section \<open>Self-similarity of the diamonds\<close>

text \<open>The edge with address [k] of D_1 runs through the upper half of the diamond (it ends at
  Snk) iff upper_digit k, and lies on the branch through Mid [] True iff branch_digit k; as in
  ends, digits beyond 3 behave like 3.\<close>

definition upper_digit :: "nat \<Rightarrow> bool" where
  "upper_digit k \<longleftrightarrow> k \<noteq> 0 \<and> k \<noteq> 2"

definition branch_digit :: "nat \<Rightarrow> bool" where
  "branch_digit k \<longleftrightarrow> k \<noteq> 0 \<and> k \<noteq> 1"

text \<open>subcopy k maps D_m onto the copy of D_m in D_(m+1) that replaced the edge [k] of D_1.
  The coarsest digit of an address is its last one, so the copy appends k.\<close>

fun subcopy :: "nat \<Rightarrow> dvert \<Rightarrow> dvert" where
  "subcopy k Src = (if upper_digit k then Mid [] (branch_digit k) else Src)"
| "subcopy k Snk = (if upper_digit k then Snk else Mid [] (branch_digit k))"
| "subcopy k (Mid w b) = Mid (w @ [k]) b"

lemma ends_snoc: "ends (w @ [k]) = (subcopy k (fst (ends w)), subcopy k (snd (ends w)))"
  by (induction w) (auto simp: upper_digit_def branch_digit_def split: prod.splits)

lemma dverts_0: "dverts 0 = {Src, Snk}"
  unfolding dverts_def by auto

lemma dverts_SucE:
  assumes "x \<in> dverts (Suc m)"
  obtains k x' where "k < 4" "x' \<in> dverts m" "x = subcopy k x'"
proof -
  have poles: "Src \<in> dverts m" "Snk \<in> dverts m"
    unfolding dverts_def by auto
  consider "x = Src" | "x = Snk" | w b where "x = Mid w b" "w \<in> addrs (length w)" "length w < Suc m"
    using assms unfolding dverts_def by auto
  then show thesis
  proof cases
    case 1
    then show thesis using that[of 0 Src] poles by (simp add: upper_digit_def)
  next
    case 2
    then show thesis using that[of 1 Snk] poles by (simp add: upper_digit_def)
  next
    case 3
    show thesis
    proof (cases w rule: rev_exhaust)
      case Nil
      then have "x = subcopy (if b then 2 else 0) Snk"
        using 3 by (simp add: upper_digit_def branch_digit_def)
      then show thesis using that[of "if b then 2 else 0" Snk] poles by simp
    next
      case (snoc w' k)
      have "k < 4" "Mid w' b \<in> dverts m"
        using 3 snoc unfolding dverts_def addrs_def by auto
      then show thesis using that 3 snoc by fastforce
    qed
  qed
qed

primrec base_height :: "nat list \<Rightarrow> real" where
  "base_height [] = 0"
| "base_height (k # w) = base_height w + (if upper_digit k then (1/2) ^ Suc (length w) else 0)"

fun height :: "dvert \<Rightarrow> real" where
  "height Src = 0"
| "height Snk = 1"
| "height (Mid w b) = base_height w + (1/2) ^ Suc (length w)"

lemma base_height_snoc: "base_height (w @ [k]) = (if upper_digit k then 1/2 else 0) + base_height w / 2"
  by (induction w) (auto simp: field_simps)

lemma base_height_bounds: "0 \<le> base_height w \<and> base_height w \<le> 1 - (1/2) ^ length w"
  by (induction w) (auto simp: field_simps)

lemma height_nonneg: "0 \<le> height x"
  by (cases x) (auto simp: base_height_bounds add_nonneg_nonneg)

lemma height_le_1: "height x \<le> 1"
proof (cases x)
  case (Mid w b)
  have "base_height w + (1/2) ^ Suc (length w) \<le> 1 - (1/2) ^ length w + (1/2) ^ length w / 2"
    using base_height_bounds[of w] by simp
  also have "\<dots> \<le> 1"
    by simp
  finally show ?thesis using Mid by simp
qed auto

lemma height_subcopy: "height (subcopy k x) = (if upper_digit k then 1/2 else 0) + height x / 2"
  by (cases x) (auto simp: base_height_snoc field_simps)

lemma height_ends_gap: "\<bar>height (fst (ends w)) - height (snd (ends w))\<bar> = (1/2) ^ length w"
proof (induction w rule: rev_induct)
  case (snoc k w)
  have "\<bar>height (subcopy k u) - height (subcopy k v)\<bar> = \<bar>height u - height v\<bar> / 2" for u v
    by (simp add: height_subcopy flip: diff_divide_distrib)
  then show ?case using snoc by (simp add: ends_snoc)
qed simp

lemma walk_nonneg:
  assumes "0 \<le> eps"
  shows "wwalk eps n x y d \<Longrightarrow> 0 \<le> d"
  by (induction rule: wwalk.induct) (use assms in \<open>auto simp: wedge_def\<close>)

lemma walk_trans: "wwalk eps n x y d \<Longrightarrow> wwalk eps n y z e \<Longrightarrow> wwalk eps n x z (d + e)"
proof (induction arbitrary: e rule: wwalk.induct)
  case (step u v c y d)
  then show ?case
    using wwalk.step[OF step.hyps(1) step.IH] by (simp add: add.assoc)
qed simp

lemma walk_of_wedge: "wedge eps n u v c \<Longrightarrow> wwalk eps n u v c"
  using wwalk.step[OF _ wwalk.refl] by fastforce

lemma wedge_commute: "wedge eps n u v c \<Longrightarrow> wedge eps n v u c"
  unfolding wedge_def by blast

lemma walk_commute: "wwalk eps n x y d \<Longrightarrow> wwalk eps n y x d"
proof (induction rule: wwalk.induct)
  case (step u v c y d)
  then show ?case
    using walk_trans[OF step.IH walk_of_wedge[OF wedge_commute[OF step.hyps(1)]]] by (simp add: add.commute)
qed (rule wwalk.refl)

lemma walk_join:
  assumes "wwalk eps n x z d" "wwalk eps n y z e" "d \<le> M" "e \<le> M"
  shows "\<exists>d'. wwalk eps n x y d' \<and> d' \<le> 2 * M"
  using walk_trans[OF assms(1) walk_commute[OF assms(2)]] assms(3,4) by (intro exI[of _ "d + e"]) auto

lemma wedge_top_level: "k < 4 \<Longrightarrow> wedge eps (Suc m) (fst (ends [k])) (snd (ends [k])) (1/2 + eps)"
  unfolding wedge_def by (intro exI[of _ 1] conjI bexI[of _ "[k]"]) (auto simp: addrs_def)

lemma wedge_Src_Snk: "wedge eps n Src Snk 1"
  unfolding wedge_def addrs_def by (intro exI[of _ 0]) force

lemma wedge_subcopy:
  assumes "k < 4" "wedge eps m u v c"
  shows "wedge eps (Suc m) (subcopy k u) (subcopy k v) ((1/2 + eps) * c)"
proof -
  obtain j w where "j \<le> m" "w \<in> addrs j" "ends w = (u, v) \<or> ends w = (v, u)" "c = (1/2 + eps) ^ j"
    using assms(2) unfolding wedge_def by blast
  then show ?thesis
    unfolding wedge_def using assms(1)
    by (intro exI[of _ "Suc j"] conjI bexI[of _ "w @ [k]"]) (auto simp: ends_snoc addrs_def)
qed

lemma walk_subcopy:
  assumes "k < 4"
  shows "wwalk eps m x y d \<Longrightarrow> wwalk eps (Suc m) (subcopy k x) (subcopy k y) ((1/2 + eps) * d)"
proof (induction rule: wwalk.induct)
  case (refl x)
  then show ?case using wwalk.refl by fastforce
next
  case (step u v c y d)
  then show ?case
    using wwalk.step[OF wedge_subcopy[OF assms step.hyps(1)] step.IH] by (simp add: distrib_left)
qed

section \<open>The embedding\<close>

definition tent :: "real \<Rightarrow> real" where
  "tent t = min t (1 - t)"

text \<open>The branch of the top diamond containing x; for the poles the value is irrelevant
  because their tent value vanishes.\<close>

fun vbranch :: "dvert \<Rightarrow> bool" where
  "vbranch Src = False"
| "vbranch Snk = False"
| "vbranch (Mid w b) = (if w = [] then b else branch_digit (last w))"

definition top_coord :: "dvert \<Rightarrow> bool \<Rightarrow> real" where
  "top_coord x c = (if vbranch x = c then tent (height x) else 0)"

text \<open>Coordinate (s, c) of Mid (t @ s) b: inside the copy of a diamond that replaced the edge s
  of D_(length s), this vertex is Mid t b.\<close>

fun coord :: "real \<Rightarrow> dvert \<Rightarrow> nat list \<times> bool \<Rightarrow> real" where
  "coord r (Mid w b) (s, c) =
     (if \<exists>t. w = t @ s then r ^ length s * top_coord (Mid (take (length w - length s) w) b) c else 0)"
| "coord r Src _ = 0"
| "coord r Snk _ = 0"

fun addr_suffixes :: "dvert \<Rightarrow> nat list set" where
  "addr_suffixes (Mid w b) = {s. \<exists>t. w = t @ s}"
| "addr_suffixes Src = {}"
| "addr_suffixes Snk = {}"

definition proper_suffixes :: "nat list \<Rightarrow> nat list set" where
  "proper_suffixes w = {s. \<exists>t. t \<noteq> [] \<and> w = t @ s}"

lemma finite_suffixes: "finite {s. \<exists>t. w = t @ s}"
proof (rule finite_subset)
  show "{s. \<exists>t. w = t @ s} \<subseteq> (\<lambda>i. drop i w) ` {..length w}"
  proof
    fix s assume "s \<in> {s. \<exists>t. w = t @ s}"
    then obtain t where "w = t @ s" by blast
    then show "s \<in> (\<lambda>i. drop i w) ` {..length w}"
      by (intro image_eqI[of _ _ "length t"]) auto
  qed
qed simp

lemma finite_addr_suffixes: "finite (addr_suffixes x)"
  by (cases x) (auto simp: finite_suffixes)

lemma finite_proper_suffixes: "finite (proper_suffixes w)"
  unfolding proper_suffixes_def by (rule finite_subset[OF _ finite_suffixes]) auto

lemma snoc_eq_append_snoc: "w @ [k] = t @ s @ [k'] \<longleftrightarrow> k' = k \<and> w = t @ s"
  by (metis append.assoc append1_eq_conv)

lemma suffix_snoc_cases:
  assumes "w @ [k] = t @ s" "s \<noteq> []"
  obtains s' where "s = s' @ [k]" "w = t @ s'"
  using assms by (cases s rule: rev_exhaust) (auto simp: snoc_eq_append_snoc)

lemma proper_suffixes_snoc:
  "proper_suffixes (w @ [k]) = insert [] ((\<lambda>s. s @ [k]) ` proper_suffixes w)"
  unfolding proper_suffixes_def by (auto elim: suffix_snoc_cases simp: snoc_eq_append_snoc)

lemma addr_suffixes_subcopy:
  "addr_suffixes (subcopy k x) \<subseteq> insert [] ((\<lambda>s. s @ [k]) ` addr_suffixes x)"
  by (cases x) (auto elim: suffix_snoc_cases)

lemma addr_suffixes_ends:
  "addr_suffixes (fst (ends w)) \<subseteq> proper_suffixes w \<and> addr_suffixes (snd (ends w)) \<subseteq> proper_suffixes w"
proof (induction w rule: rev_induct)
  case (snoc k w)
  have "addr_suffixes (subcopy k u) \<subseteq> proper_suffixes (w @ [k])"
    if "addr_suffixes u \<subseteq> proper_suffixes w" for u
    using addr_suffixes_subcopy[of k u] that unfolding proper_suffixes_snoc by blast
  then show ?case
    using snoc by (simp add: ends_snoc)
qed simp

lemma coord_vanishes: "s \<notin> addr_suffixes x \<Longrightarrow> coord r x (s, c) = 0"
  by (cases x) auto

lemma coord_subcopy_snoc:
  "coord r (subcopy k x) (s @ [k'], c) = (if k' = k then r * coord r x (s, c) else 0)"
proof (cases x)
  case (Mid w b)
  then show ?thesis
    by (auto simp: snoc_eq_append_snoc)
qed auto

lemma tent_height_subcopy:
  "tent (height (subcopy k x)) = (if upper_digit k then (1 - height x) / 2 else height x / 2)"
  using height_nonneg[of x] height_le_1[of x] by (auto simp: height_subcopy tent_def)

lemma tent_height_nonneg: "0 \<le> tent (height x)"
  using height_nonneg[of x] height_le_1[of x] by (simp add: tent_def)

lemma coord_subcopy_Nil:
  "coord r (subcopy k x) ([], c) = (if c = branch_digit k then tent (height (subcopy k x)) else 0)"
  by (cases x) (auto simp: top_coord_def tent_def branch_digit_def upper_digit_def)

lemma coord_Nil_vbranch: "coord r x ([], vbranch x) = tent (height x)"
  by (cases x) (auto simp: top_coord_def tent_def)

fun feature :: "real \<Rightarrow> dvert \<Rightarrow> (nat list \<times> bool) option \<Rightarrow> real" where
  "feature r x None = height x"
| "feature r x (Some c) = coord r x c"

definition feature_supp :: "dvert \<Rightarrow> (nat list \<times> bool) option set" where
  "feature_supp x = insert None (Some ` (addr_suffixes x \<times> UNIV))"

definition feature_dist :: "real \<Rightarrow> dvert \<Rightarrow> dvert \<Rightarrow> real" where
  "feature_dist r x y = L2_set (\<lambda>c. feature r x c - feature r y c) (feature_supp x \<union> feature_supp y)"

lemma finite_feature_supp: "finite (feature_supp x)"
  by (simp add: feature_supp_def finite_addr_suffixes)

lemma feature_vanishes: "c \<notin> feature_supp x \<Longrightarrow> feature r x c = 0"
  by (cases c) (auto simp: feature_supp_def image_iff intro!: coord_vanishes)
+++
» **How to complete this task**:
Retype exactly the lines of the data above that fall between the line with "unfolding wedge_def addrs_def" and the line with "case (refl x)", inclusive, and add nothing.

» **Result of this task**:
  unfolding wedge_def addrs_def by (intro exI[of _ 0]) force

lemma wedge_subcopy:
  assumes "k < 4" "wedge eps m u v c"
  shows "wedge eps (Suc m) (subcopy k u) (subcopy k v) ((1/2 + eps) * c)"
proof -
  obtain j w where "j \<le> m" "w \<in> addrs j" "ends w = (u, v) \<or> ends w = (v, u)" "c = (1/2 + eps) ^ j"
    using assms(2) unfolding wedge_def by blast
  then show ?thesis
    unfolding wedge_def using assms(1)
    by (intro exI[of _ "Suc j"] conjI bexI[of _ "w @ [k]"]) (auto simp: ends_snoc addrs_def)
qed

lemma walk_subcopy:
  assumes "k < 4"
  shows "wwalk eps m x y d \<Longrightarrow> wwalk eps (Suc m) (subcopy k x) (subcopy k y) ((1/2 + eps) * d)"
proof (induction rule: wwalk.induct)
  case (refl x)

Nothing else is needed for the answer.